OK, lots of interesting theories here, I have been teaching this for 20 years to 10's of thousands of electricians all across North America, can't believe anyone here didn't attend one of my classes.
There is an IEEE standard, (Std 80-2000) that has all of the real research compiled, Iwire had some nice links where that info was based off IEEE 80.
The resistance of the human body can vary dramatically depending on several factors, sex, weight, diet, etc. But really those don;t make much of a difference. Essentially it is the skin, along with such factors as area of contact, tightness of contact, dryness or wetness of the skin, and cuts, abrasions, or blisters that introduce the variables.
Excluding the skin, human body resistance (Internally) is about 250 Ohms per arm or leg, and 100-500 Ohms for the torso. Unless the skin is punctured, the skin will provide additional resistance. The worst-case scenario is considered to be 500 Ohms hand-to-hand. Some typical values of skin resistance are:
Condition of contact Resistance (Ohms)
Dry Wet
Finger touch 40 k-1 M 4-15 k
Hand holding wire 15-50 k 3-6 k
Finger-thumb grasp 10-30 k 2-5 k
Hand holding pliers 5-10 k 1-3 k
Hand around pipe (or drill) 1-3 k 0.5-1.5 k
Palm touch 3-8 k 1-2 k
Two hands around pipe 0.5-1.5 k 250-750
Hand immersed -------- 200-500
Foot immersed -------- 100-300
Using these typical values, a person can estimate their approximate body resistance. Let?s say a person grabs a wire in a 480/277V panel that they assumed was deenergized while touching the panel door with the other hand. The worker would have about:
250 ohms for the arm +
250 Ohms for the other arm +
32,500 Ohms for the skin
A total resistance of about 33,000 Ohms
277V/33,000 Ohms = 8.4 mA (Mild shock)
Now lets look at the same scenario, but this time with wet or sweaty skin.
250 ohms for the arm +
250 Ohms for the other arm +
4500 Ohms for the skin
A total resistance of about 5000 Ohms
277V/5500 Ohms = 55.4 mA (Respiratory Paralysis, possible fibrillation, may be fatal)

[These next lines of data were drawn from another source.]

(* (i) The admissible monomials of weight vector $(3)|^1$ in $P_5$ are exactly $X_{\alpha,\beta}$, $1\le\alpha<\beta\le5$; hence $\dim QP_5((3)|^1)=10$. (ii) The admissible monomials of weight vector $(3)|^2$ in $P_5$ in which every variable occurs are exactly the following 15: $x_1x_2x_3^{2}x_4^{2}x_5^{3}$, $x_1x_2x_3^{2}x_4^{3}x_5^{2}$, $x_1x_2x_3^{3}x_4^{2}x_5^{2}$, $x_1x_2^{2}x_3x_4^{2}x_5^{3}$, $x_1x_2^{2}x_3x_4^{3}x_5^{2}$, $x_1x_2^{2}x_3^{2}x_4x_5^{3}$, $x_1x_2^{2}x_3^{2}x_4^{3}x_5$, $x_1x_2^{2}x_3^{3}x_4x_5^{2}$, $x_1x_2^{2}x_3^{3}x_4^{2}x_5$, $x_1x_2^{3}x_3x_4^{2}x_5^{2}$, $x_1x_2^{3}x_3^{2}x_4x_5^{2}$, $x_1x_2^{3}x_3^{2}x_4^{2}x_5$, $x_1^{3}x_2x_3x_4^{2}x_5^{2}$, $x_1^{3}x_2x_3^{2}x_4x_5^{2}$, $x_1^{3}x_2x_3^{2}x_4^{2}x_5$. Consequently $\dim QP_5((3)|^2)=55$.
   Context: $P_5=\mathbb F_2[x_1,\dots,x_5]$, $\deg x_i=1$, a module over the mod-2 Steenrod algebra $\mathcal A$ with augmentation ideal $\mathcal A^+$; $f\equiv g$ means $f+g\in\mathcal A^+P_5$. $X_{\alpha,\beta}=\prod_{l\in\{1,\dots,5\}\setminus\{\alpha,\beta\}}x_l$. For $x=x_1^{a_1}\cdots x_5^{a_5}$: weight vector $\omega_i(x)=\sum_j\alpha_{i-1}(a_j)$ ($\alpha_r(a)$ the $r$-th binary digit), exponent vector $\sigma(x)=(a_1,\dots,a_5)$, both ordered left-lexicographically; $\deg\omega=\sum_i2^{i-1}\omega_i$. For monomials of equal degree, $x<y$ iff $\omega(x)<\omega(y)$, or $\omega(x)=\omega(y)$ and $\sigma(x)<\sigma(y)$; $x$ is inadmissible if $x\equiv\sum_jy_j$ with monomials $y_j<x$, otherwise admissible. $(3)|^d$ is the weight vector with first $d$ entries $3$ and rest $0$. $P_5(\omega)$ is spanned by monomials $y$ with $\deg y=\deg\omega$ and $\omega(y)\le\omega$, $P_5^-(\omega)$ by those with $\omega(y)<\omega$, and $QP_5(\omega)=P_5(\omega)/(P_5(\omega)\cap(\mathcal A^+P_5+P_5^-(\omega)))$. *)

theory Defs
  imports Main
begin

text \<open>Monomials of P_5 are exponent lists of length 5 (entry j is the exponent of x_(j+1)).
  Polynomials over F_2 are finite sets of monomials; addition is symmetric difference.\<close>

type_synonym mono = "nat list"
type_synonym poly = "nat list set"

definition padd :: "poly \<Rightarrow> poly \<Rightarrow> poly" where
  "padd p q = (p - q) \<union> (q - p)"

inductive_set f2span :: "poly set \<Rightarrow> poly set" for S where
  zero: "{} \<in> f2span S"
| add: "p \<in> f2span S \<Longrightarrow> s \<in> S \<Longrightarrow> padd p s \<in> f2span S"

text \<open>Sq^k on a monomial, via Sq^k(x^n) = (n choose k) x^(n+k) and the Cartan formula, mod 2.\<close>
definition sq :: "nat \<Rightarrow> mono \<Rightarrow> poly" where
  "sq k a = {b. length b = length a \<and>
      (\<forall>j<length a. a!j \<le> b!j \<and> odd ((a!j) choose (b!j - a!j))) \<and>
      sum_list b = sum_list a + k}"

definition hitgens :: "poly set" where
  "hitgens = {sq i a | i a. 0 < i \<and> length a = 5}"

definition hit :: "poly set" where
  "hit = f2span hitgens"

text \<open>Weight vector: weight a i = omega_(i+1)(a) = sum_j alpha_i(a_j).\<close>
definition weight :: "mono \<Rightarrow> nat \<Rightarrow> nat" where
  "weight a i = (\<Sum>j<length a. (a!j div 2^i) mod 2)"

definition wdeg :: "(nat \<Rightarrow> nat) \<Rightarrow> nat" where
  "wdeg w = (\<Sum>i\<in>{i. w i \<noteq> 0}. 2^i * w i)"

definition wlt :: "(nat \<Rightarrow> nat) \<Rightarrow> (nat \<Rightarrow> nat) \<Rightarrow> bool" where
  "wlt v w \<longleftrightarrow> (\<exists>k. v k < w k \<and> (\<forall>i<k. v i = w i))"

definition wle :: "(nat \<Rightarrow> nat) \<Rightarrow> (nat \<Rightarrow> nat) \<Rightarrow> bool" where
  "wle v w \<longleftrightarrow> v = w \<or> wlt v w"

definition lexlt :: "mono \<Rightarrow> mono \<Rightarrow> bool" where
  "lexlt x y \<longleftrightarrow> (\<exists>k<length x. x!k < y!k \<and> (\<forall>i<k. x!i = y!i))"

definition mless :: "mono \<Rightarrow> mono \<Rightarrow> bool" where
  "mless x y \<longleftrightarrow> wlt (weight x) (weight y) \<or> (weight x = weight y \<and> lexlt x y)"

definition inadmissible :: "mono \<Rightarrow> bool" where
  "inadmissible x \<longleftrightarrow> (\<exists>Y. finite Y \<and>
      (\<forall>y\<in>Y. length y = 5 \<and> sum_list y = sum_list x \<and> mless y x) \<and>
      padd {x} Y \<in> hit)"

definition admissible :: "mono \<Rightarrow> bool" where
  "admissible x \<longleftrightarrow> length x = 5 \<and> \<not> inadmissible x"

definition w3 :: "nat \<Rightarrow> nat \<Rightarrow> nat" where
  "w3 d = (\<lambda>i. if i < d then 3 else 0)"

definition P5w :: "(nat \<Rightarrow> nat) \<Rightarrow> poly set" where
  "P5w w = {p. finite p \<and> (\<forall>y\<in>p. length y = 5 \<and> sum_list y = wdeg w \<and> wle (weight y) w)}"

definition P5minus_gens :: "(nat \<Rightarrow> nat) \<Rightarrow> poly set" where
  "P5minus_gens w = {{y} | y. length y = 5 \<and> sum_list y = wdeg w \<and> wlt (weight y) w}"

definition qdim :: "poly set \<Rightarrow> poly set \<Rightarrow> nat" where
  "qdim W U = (LEAST n. \<exists>S. finite S \<and> card S = n \<and> S \<subseteq> W \<and>
       W \<subseteq> {padd s u | s u. s \<in> f2span S \<and> u \<in> U})"

definition QP5dim :: "(nat \<Rightarrow> nat) \<Rightarrow> nat" where
  "QP5dim w = qdim (P5w w) (P5w w \<inter> f2span (hitgens \<union> P5minus_gens w))"

definition Xab :: "nat \<Rightarrow> nat \<Rightarrow> mono" where
  "Xab \<alpha> \<beta> = map (\<lambda>l. if l = \<alpha> \<or> l = \<beta> then 0 else 1) [1..<6]"

end

theory Submission
  imports Defs "HOL-Library.List_Lexorder"
begin

text \<open>An admissible monomial \<open>x\<close> is certified by a finite set \<open>T\<close> of monomials that contains
  \<open>x\<close> but nothing smaller than \<open>x\<close>, and in which every \<open>Sq\<^sup>i y\<close> with \<open>i > 0\<close> has an even number
  of terms: the sum of the coefficients over \<open>T\<close> is then a functional that kills \<open>\<A>\<^sup>+P\<^sub>5\<close> and all
  monomials below \<open>x\<close>, but not \<open>x\<close>. An inadmissible monomial is certified as the leading term of
  some \<open>Sq\<^sup>i y\<close>. Since an inadmissible monomial is a hit polynomial plus smaller monomials,
  induction along the order of monomials shows that \<open>QP\<^sub>5(\<omega>)\<close> is spanned by the admissible
  monomials of weight \<open>\<omega>\<close>; their functionals are triangular with respect to the lexicographic
  order, so these monomials are also independent. For \<open>\<omega> = (3)|\<^sup>1\<close> and \<open>(3)|\<^sup>2\<close> the
  certificates are listed explicitly and checked by evaluation, along with the fact that every
  monomial of weight \<open>\<omega>\<close> carries one of them.\<close>

section \<open>Spans over \<open>\<bbbF>\<^sub>2\<close> and parity functionals\<close>

lemma padd_iff: "x \<in> padd p q \<longleftrightarrow> (x \<in> p) \<noteq> (x \<in> q)"
  by (auto simp: padd_def)

lemma padd_empty [simp]: "padd {} q = q" "padd p {} = p" "padd p p = {}"
  by (auto simp: padd_def)

lemma padd_assoc: "padd (padd p q) r = padd p (padd q r)"
  by (rule set_eqI) (simp add: padd_iff, blast)

lemma padd_commute: "padd p q = padd q p"
  by (auto simp: padd_def)

lemma padd_left_commute: "padd p (padd q r) = padd q (padd p r)"
  by (rule set_eqI) (simp add: padd_iff, blast)

lemmas padd_ac = padd_assoc padd_commute padd_left_commute

lemma padd_cancel_right: "padd (padd p q) q = p"
  by (simp add: padd_assoc)

lemma f2span_base: "s \<in> S \<Longrightarrow> s \<in> f2span S"
  using f2span.add[OF f2span.zero] by simp

lemma f2span_padd:
  assumes "p \<in> f2span S" "q \<in> f2span S"
  shows "padd p q \<in> f2span S"
  using assms(2)
proof (induction q rule: f2span.induct)
  case (add q s)
  then show ?case by (metis f2span.add padd_assoc)
qed (simp add: assms(1))

lemma f2span_mono: "p \<in> f2span S \<Longrightarrow> S \<subseteq> S' \<Longrightarrow> p \<in> f2span S'"
  by (induction p rule: f2span.induct) (auto intro: f2span.intros)

lemma f2span_finite_sum:
  assumes "finite A" "\<And>x. x \<in> A \<Longrightarrow> {x} \<in> f2span S"
  shows "A \<in> f2span S"
  using assms
proof (induction A rule: finite_induct)
  case (insert x F)
  have "insert x F = padd F {x}" using insert.hyps by (auto simp: padd_def)
  moreover have "F \<in> f2span S" "{x} \<in> f2span S" using insert by auto
  ultimately show ?case by (simp add: f2span_padd)
qed (simp add: f2span.zero)

lemma f2span_insert_subset: "f2span (insert s S) \<subseteq> f2span S \<union> (\<lambda>p. padd p s) ` f2span S"
proof
  fix p assume "p \<in> f2span (insert s S)"
  then show "p \<in> f2span S \<union> (\<lambda>p. padd p s) ` f2span S"
  proof (induction p rule: f2span.induct)
    case zero
    then show ?case by (simp add: f2span.zero)
  next
    case (add p t)
    from add.IH consider "p \<in> f2span S" | q where "q \<in> f2span S" "p = padd q s"
      by blast
    then show ?case
    proof cases
      case 1
      then show ?thesis using add.hyps(2) f2span.add by blast
    next
      case 2
      show ?thesis
      proof (cases "t = s")
        case True
        then show ?thesis using 2 by (simp add: padd_cancel_right)
      next
        case False
        then have "padd q t \<in> f2span S" using 2 add.hyps(2) f2span.add by blast
        moreover have "padd p t = padd (padd q t) s"
          using 2 by (simp add: padd_ac)
        ultimately show ?thesis by blast
      qed
    qed
  qed
qed

lemma finite_f2span: "finite S \<Longrightarrow> finite (f2span S) \<and> card (f2span S) \<le> 2 ^ card S"
proof (induction S rule: finite_induct)
  case empty
  have "f2span {} = {{}}" by (auto elim: f2span.cases intro: f2span.zero)
  then show ?case by simp
next
  case (insert s S)
  let ?V = "f2span S"
  have fin: "finite (?V \<union> (\<lambda>p. padd p s) ` ?V)" using insert.IH by simp
  have "card (f2span (insert s S)) \<le> card (?V \<union> (\<lambda>p. padd p s) ` ?V)"
    using fin by (intro card_mono f2span_insert_subset)
  also have "\<dots> \<le> card ?V + card ((\<lambda>p. padd p s) ` ?V)" by (rule card_Un_le)
  also have "\<dots> \<le> card ?V + card ?V" using card_image_le insert.IH by auto
  finally show ?case
    using insert fin finite_subset[OF f2span_insert_subset] by auto
qed

lemma f2span_Un_subset:
  assumes "{} \<in> U" "\<And>u v. u \<in> U \<Longrightarrow> v \<in> U \<Longrightarrow> padd u v \<in> U"
  shows "f2span (S \<union> U) \<subseteq> {padd s u | s u. s \<in> f2span S \<and> u \<in> U}"
proof
  fix p assume "p \<in> f2span (S \<union> U)"
  then show "p \<in> {padd s u | s u. s \<in> f2span S \<and> u \<in> U}"
  proof (induction p rule: f2span.induct)
    case zero
    then show ?case using assms(1) f2span.zero by force
  next
    case (add p t)
    then obtain s u where p: "p = padd s u" "s \<in> f2span S" "u \<in> U" by blast
    from add.hyps(2) show ?case
    proof
      assume "t \<in> S"
      then have "padd p t = padd (padd s t) u" "padd s t \<in> f2span S"
        using p by (simp_all add: padd_ac f2span.add)
      then show ?thesis using p(3) by blast
    next
      assume "t \<in> U"
      then have "padd p t = padd s (padd u t)" "padd u t \<in> U"
        using p assms(2) by (simp_all add: padd_assoc)
      then show ?thesis using p(2) by blast
    qed
  qed
qed

definition parity_on :: "poly \<Rightarrow> poly \<Rightarrow> bool" where
  "parity_on T p \<longleftrightarrow> odd (card (p \<inter> T))"

lemma card_symdiff:
  assumes "finite A" "finite B"
  shows "card ((A - B) \<union> (B - A)) + 2 * card (A \<inter> B) = card A + card B"
proof -
  have "card ((A - B) \<union> (B - A)) = card (A - B) + card (B - A)"
    using assms by (intro card_Un_disjoint) auto
  moreover have "card (A - B) + card (A \<inter> B) = card A" "card (B - A) + card (A \<inter> B) = card B"
    using assms by (simp_all add: card_Diff_subset_Int card_mono Int_commute)
  ultimately show ?thesis by linarith
qed

lemma parity_on_padd: "finite T \<Longrightarrow> parity_on T (padd p q) \<longleftrightarrow> parity_on T p \<noteq> parity_on T q"
proof -
  assume T: "finite T"
  have "padd p q \<inter> T = ((p \<inter> T) - (q \<inter> T)) \<union> ((q \<inter> T) - (p \<inter> T))"
    by (auto simp: padd_def)
  moreover have "card (\<dots>) + 2 * card ((p \<inter> T) \<inter> (q \<inter> T)) = card (p \<inter> T) + card (q \<inter> T)"
    using T by (intro card_symdiff) auto
  ultimately show ?thesis unfolding parity_on_def by presburger
qed

lemma not_parity_on_f2span:
  assumes "finite T" "\<And>s. s \<in> S \<Longrightarrow> \<not> parity_on T s" "p \<in> f2span S"
  shows "\<not> parity_on T p"
  using assms(3) by induction (simp_all add: assms parity_on_padd, simp add: parity_on_def)

lemma qdim_le:
  "finite S \<Longrightarrow> S \<subseteq> W \<Longrightarrow> W \<subseteq> {padd s u | s u. s \<in> f2span S \<and> u \<in> U} \<Longrightarrow> qdim W U \<le> card S"
  unfolding qdim_def by (rule Least_le) blast

lemma qdim_attained:
  assumes "finite S0" "S0 \<subseteq> W" "W \<subseteq> {padd s u | s u. s \<in> f2span S0 \<and> u \<in> U}"
  obtains S where "finite S" "card S = qdim W U" "W \<subseteq> {padd s u | s u. s \<in> f2span S \<and> u \<in> U}"
proof -
  let ?P = "\<lambda>n. \<exists>S. finite S \<and> card S = n \<and> S \<subseteq> W \<and> W \<subseteq> {padd s u | s u. s \<in> f2span S \<and> u \<in> U}"
  have "?P (card S0)" using assms by blast
  then have "?P (Least ?P)" by (rule LeastI)
  then obtain S where "finite S" "card S = Least ?P"
    "W \<subseteq> {padd s u | s u. s \<in> f2span S \<and> u \<in> U}" by blast
  moreover have "qdim W U = Least ?P" by (simp add: qdim_def)
  ultimately show ?thesis using that by simp
qed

What a difference huh? We can't control when we sweat, or what our skin resistance will be at any given time. Wearing rubber soled shoes (OSHA requirement for all electrical workers) and rubber gloves can make all these variables for skin resistance irrevelent.
Materials Resistance (Ohms)
Rubber gloves or soles More than 20 M
Dry concrete above grade 1-5 M
Dry concrete on grade 0.2-1 M
Leather sole, dry 100-500 k
Leather sole, damp 5-20k
Wet concrete on grade 1-5 k
Now to answer the OP's question. Yes, OSHA used some values to derive the 50V working rule. They assumed a worse case human body resistance of 500 Ohms and the 100mA fibrilation threshhold, 500 Ohms times 0.1A = 50V.